» **YOUR ASSIGNMENT**: Look for "cover" in each line of the entries, and return the matching lines.

# # #

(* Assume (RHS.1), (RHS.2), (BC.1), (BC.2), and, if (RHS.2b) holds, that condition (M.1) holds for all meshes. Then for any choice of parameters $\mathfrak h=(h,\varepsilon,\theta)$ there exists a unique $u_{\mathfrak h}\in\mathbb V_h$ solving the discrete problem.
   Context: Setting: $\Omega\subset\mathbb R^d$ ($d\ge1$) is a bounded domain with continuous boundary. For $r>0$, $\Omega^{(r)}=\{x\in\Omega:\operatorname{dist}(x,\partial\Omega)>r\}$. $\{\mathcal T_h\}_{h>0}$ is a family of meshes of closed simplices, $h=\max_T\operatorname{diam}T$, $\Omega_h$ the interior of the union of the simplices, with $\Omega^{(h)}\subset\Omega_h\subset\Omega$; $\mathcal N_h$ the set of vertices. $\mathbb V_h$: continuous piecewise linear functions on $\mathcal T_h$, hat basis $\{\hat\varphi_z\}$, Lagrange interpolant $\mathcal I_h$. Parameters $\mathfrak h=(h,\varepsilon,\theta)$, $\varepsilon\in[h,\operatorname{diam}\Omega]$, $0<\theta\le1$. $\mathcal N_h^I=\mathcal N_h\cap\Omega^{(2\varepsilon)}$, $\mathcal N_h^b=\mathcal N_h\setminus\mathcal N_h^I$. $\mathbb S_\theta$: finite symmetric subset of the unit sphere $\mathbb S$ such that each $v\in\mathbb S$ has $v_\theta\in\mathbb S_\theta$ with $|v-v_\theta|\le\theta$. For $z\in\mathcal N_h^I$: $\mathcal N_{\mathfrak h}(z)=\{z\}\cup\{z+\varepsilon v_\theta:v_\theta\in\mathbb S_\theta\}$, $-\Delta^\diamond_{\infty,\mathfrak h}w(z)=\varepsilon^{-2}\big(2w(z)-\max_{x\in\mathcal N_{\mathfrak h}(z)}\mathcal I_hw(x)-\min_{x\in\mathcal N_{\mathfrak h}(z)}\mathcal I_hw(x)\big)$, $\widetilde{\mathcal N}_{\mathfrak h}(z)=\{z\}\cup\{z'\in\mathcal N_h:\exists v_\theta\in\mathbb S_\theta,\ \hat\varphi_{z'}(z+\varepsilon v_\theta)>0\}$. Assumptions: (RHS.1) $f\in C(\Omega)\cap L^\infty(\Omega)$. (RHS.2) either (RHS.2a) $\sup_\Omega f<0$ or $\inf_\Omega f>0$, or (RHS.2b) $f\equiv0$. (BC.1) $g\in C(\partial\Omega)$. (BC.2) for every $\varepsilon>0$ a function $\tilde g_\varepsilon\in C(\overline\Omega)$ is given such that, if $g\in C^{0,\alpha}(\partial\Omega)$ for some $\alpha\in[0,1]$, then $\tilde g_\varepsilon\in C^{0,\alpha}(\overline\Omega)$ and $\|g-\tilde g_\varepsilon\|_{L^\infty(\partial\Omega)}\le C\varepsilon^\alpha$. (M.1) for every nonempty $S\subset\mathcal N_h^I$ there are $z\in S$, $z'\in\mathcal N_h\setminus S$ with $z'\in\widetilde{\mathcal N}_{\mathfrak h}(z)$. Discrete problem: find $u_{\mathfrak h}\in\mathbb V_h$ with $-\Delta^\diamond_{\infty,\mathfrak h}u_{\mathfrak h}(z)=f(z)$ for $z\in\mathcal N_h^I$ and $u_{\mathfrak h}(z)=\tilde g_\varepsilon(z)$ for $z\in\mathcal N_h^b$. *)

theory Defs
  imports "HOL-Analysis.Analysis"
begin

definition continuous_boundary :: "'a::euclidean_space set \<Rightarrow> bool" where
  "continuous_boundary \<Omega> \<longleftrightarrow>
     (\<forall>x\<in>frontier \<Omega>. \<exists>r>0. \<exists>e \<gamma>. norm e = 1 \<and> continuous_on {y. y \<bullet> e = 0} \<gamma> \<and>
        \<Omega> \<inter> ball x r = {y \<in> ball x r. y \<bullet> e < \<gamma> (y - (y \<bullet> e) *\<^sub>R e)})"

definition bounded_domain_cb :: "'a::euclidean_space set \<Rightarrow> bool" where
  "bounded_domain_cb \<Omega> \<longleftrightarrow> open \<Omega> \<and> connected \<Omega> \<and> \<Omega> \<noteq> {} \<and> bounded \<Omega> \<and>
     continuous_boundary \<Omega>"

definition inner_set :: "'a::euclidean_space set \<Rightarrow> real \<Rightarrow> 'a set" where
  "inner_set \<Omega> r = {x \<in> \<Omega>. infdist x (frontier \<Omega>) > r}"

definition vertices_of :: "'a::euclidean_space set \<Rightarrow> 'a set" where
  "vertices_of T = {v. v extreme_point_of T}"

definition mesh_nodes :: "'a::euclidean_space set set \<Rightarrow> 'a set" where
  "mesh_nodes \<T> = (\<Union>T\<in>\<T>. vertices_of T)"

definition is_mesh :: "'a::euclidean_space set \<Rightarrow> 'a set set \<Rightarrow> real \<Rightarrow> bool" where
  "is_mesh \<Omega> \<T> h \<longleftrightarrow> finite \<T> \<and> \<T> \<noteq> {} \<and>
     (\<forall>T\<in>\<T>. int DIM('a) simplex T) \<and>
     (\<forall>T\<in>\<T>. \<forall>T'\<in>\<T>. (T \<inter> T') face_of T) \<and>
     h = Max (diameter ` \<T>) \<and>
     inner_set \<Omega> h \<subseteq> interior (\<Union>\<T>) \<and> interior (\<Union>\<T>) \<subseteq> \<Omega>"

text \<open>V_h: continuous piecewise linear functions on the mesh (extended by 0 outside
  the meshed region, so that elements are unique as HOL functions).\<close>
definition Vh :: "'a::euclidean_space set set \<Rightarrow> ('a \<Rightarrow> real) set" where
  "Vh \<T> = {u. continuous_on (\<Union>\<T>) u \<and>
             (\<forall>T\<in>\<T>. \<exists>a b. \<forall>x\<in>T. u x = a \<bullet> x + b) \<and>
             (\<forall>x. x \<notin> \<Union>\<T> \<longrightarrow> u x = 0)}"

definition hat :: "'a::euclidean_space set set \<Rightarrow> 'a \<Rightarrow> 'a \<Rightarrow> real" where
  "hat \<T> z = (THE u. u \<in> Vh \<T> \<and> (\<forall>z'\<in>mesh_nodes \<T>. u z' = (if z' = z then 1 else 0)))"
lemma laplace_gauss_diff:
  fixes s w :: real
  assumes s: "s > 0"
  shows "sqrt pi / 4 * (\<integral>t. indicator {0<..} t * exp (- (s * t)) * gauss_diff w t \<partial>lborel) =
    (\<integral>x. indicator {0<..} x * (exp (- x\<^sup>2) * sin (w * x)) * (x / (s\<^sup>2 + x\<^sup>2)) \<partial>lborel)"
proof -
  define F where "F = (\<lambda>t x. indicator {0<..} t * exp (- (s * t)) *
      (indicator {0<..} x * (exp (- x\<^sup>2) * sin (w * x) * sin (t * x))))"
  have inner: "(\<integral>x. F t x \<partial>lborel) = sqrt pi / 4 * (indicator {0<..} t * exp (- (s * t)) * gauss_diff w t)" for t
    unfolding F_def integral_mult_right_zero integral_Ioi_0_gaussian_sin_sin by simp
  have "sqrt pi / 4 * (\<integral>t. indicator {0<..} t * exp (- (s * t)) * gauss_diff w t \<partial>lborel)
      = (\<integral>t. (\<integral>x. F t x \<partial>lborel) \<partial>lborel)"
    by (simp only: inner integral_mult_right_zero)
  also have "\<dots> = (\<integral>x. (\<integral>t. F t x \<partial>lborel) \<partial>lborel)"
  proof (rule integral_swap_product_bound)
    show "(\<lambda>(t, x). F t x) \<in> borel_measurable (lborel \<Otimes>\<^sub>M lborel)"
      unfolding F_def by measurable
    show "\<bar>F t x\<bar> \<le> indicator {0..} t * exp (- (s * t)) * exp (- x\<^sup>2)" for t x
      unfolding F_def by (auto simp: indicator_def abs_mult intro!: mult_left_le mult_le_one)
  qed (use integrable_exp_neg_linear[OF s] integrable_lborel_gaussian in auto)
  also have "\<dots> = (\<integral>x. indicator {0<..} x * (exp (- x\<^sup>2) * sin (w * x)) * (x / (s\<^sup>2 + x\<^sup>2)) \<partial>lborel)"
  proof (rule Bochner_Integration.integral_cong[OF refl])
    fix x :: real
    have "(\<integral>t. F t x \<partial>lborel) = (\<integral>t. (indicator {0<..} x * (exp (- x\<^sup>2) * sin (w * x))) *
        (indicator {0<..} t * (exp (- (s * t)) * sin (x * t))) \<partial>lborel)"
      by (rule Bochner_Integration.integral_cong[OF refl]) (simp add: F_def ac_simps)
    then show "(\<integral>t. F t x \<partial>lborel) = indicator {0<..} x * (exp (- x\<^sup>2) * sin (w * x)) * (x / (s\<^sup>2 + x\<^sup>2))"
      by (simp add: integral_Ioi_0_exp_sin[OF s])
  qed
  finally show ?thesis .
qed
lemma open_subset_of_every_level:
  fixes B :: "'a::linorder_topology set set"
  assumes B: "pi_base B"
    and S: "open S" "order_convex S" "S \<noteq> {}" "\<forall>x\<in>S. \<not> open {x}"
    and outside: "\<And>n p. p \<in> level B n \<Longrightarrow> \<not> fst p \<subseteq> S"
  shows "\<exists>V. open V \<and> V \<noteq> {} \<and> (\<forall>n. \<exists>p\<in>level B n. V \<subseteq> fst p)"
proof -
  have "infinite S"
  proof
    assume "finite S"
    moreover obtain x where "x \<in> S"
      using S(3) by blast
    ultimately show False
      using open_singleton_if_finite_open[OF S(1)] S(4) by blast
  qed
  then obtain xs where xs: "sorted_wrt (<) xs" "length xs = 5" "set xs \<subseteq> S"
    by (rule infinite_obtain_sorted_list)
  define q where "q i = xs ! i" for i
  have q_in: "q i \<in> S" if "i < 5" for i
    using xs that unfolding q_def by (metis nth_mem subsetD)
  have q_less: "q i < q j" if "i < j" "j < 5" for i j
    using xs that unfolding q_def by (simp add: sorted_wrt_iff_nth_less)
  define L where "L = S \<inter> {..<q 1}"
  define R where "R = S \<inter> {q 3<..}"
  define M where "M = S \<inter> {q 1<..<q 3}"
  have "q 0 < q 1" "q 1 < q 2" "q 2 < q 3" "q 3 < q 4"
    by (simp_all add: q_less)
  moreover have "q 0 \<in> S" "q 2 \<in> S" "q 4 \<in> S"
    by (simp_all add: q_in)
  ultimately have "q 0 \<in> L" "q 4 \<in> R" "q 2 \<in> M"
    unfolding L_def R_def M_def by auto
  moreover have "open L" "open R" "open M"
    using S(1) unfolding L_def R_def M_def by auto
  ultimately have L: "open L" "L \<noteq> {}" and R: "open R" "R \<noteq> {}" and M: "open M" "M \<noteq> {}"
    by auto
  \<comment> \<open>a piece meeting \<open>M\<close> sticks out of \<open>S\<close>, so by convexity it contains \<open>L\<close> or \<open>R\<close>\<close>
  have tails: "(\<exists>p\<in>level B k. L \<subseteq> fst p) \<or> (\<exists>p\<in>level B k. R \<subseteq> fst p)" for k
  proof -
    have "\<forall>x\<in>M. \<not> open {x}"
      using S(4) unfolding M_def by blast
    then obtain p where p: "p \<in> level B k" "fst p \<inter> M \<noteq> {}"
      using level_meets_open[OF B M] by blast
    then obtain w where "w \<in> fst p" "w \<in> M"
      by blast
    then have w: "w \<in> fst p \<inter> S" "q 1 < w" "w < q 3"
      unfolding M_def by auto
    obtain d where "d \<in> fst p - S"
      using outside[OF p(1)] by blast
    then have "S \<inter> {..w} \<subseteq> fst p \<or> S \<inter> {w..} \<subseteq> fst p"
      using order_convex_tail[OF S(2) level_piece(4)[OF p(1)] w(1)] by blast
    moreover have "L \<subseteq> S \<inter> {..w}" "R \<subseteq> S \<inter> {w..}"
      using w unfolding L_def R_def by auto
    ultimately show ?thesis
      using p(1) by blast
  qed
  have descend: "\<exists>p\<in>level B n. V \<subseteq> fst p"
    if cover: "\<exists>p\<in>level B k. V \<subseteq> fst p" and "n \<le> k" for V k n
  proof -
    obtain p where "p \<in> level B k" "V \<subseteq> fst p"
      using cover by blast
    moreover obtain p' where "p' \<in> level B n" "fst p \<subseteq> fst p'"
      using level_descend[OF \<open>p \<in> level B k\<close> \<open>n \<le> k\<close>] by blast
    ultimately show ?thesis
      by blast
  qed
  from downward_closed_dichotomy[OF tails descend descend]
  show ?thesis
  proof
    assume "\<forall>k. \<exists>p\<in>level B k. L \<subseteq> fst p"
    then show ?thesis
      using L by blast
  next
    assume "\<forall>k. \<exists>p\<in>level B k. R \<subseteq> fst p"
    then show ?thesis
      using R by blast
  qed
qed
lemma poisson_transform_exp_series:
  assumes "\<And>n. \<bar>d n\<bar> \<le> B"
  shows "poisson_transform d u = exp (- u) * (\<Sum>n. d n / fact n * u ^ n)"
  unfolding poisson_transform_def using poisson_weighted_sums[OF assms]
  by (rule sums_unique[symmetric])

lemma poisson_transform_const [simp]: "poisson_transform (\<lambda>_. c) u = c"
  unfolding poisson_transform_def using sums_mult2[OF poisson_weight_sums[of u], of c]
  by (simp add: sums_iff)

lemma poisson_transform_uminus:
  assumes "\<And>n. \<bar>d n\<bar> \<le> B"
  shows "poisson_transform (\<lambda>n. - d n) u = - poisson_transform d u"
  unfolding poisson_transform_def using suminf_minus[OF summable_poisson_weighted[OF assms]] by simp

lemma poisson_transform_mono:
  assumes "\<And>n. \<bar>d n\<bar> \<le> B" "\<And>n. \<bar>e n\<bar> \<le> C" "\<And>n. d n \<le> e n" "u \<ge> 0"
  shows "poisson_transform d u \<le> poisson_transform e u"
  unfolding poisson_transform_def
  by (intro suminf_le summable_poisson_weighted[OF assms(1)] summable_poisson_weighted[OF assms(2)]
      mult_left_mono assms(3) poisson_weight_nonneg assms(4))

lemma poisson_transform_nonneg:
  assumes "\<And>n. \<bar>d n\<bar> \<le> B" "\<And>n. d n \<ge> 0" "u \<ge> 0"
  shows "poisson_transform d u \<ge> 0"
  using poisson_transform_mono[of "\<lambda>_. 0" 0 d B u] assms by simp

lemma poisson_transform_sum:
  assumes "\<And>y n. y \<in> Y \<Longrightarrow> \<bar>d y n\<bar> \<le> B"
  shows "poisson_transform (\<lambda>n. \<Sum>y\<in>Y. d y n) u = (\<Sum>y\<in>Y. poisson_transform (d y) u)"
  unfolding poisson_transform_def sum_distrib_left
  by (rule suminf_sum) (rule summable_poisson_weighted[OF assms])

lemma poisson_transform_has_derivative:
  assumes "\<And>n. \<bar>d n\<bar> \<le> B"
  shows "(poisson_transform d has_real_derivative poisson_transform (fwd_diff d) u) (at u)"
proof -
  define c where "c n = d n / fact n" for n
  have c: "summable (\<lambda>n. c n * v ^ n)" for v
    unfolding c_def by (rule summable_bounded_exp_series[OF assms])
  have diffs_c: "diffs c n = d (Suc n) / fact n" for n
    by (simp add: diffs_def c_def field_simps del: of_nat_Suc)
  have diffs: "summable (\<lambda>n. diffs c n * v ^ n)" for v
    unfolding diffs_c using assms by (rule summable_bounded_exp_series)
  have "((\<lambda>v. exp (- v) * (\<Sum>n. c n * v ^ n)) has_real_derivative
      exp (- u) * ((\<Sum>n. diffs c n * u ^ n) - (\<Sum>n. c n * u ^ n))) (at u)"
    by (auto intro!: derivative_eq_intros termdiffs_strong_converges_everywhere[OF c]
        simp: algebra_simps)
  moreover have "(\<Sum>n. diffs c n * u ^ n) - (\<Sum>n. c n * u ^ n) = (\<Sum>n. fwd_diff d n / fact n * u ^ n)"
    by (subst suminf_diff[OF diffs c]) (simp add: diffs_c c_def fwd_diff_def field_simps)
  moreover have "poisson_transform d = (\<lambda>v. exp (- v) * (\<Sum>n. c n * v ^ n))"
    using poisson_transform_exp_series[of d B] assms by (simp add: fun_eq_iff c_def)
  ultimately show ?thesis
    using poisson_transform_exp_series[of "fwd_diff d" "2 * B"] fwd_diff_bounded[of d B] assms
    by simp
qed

# # #

» **OUTPUT OF THE EXERCISE**:
    if cover: "\<exists>p\<in>level B k. V \<subseteq> fst p" and "n \<le> k" for V k n
      using cover by blast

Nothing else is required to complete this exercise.